§ Directions for this task
Only the lines holding "lemma" are wanted here; copy each from the listing.

§ The records
lemma language_rev_subst: "language (rev_subst \<tau>) = rev ` language \<tau>"
proof -
  have "factor u ((apply_subst (rev_subst \<tau>) ^^ n) [x]) \<longleftrightarrow>
      factor (rev u) ((apply_subst \<tau> ^^ n) [x])" for u n x
    using funpow_apply_rev_subst[of n \<tau> "[x]"] factor_rev_iff[of "rev u"] by simp
  then have "u \<in> language (rev_subst \<tau>) \<longleftrightarrow> rev u \<in> language \<tau>" for u
    by (simp add: language_def)
  moreover have "u \<in> rev ` language \<tau> \<longleftrightarrow> rev u \<in> language \<tau>" for u
    by (metis image_iff rev_rev_ident)
  ultimately show ?thesis
    by blast
qed

lemma count_funpow_apply_subst:
  "count_list ((apply_subst \<tau> ^^ k) v) a =
     (\<Sum>l<3. count_list v (abc ! l) * count_list ((apply_subst \<tau> ^^ k) [abc ! l]) a)"
proof (induction v)
  case Nil
  have "(apply_subst \<tau> ^^ k) [] = []"
    by (induction k) auto
  then show ?case by simp
next
  case (Cons c v)
  have "(apply_subst \<tau> ^^ k) (c # v) = (apply_subst \<tau> ^^ k) [c] @ (apply_subst \<tau> ^^ k) v"
    using funpow_apply_subst_append[of k \<tau> "[c]" v] by simp
  then show ?case
    using Cons by (cases c) (simp_all add: numeral_3_eq_3 lessThan_Suc abc_def algebra_simps)
qed

lemma subst_matrix_power_nth:
  assumes "i < 3" "j < 3"
  shows "(subst_matrix \<tau> ^\<^sub>m k) $$ (i, j) =
    int (count_list ((apply_subst \<tau> ^^ k) [abc ! j]) (abc ! i))"
  using assms
proof (induction k arbitrary: i j)
  case 0
  then show ?case
    by (auto simp: subst_matrix_def abc_def less_Suc_eq numeral_3_eq_3)
next
  case (Suc k)
  have "(subst_matrix \<tau> ^\<^sub>m Suc k) $$ (i, j) =
     (\<Sum>l\<in>{0..<3}. (subst_matrix \<tau> ^\<^sub>m k) $$ (i, l) * subst_matrix \<tau> $$ (l, j))"
    using Suc.prems by (simp add: subst_matrix_def scalar_prod_def)
  also have "\<dots> = (\<Sum>l\<in>{0..<3}. int (count_list ((apply_subst \<tau> ^^ k) [abc ! l]) (abc ! i)) *
       int (count_list (\<tau> (abc ! j)) (abc ! l)))"
    using Suc by (intro sum.cong) (auto simp: subst_matrix_def)
  also have "\<dots> = int (count_list ((apply_subst \<tau> ^^ k) (\<tau> (abc ! j))) (abc ! i))"
    unfolding count_funpow_apply_subst[of k \<tau> "\<tau> (abc ! j)"]
    by (simp add: atLeast0LessThan algebra_simps)
  also have "(apply_subst \<tau> ^^ k) (\<tau> (abc ! j)) = (apply_subst \<tau> ^^ Suc k) [abc ! j]"
    by (simp only: funpow_Suc_right o_apply apply_subst_Cons apply_subst_Nil append_Nil2)
  finally show ?case .
qed
(* Let $\mu$ be a finite $P$-invariant measure on $\mathbf X$ and $\tau$ a $\theta$-compatible stopping time such that $\lim_{n\to\infty}\mathbb P_x(\tau\ge n)=0$ for $\mu$-a.e. $x\in\mathbf X$. Then for every non-negative Borel function $f$ on $\mathbf X$, \[\int_{\mathbf X}f\,d\mu=\int_{\mathbf X}SRf\,d\mu.\]
   Context: $\mathbf X$ is a complete separable metric space with its Borel $\sigma$-algebra, $(X_n)$ a Markov chain on $\mathbf X$, $\mathbb P_x$ its law started at $x$, $Pf(x)=\mathbb E_xf(X_1)$; $\mu$ is $P$-invariant if $\int Pf\,d\mu=\int f\,d\mu$ for non-negative Borel $f$. $\theta$ is the shift on $\mathbf X^{\mathbb N}$. A stopping time $\tau$ is $\theta$-compatible if for all $x$, $\mathbb P_x(\tau=0)=0$ and, $\mathbb P_x$-a.s., $\tau\ge2$ implies $\tau\circ\theta=\tau-1$. For non-negative Borel $f$: $Sf(x)=\mathbb E_x[f(X_1)\mathbf 1_{\tau=1}]$, $Rf(x)=\mathbb E_x[(f(X_0)+\dots+f(X_{\tau-1}))\mathbf 1_{\tau<\infty}]$. *)

theory Defs
  imports "HOL-Probability.Probability"
begin

abbreviation path_space :: "('a::topological_space) stream measure" where
  "path_space \<equiv> stream_space borel"

text \<open>P is the law family of the Markov chain with transition kernel K:
  under P x the chain starts at x, X_1 is distributed as K x, and given X_1 = y
  the shifted path has law P y.  This recursion determines the law uniquely.\<close>
definition markov_law ::
  "('a::topological_space \<Rightarrow> 'a measure) \<Rightarrow> ('a \<Rightarrow> 'a stream measure) \<Rightarrow> bool" where
  "markov_law K P \<longleftrightarrow>
     K \<in> measurable borel (prob_algebra borel) \<and>
     P \<in> measurable borel (prob_algebra path_space) \<and>
     (\<forall>x. P x = bind (K x) (\<lambda>y. distr (P y) path_space (\<lambda>\<omega>. x ## \<omega>)))"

§ Exercise solution
lemma language_rev_subst: "language (rev_subst \<tau>) = rev ` language \<tau>"
lemma count_funpow_apply_subst:
lemma subst_matrix_power_nth:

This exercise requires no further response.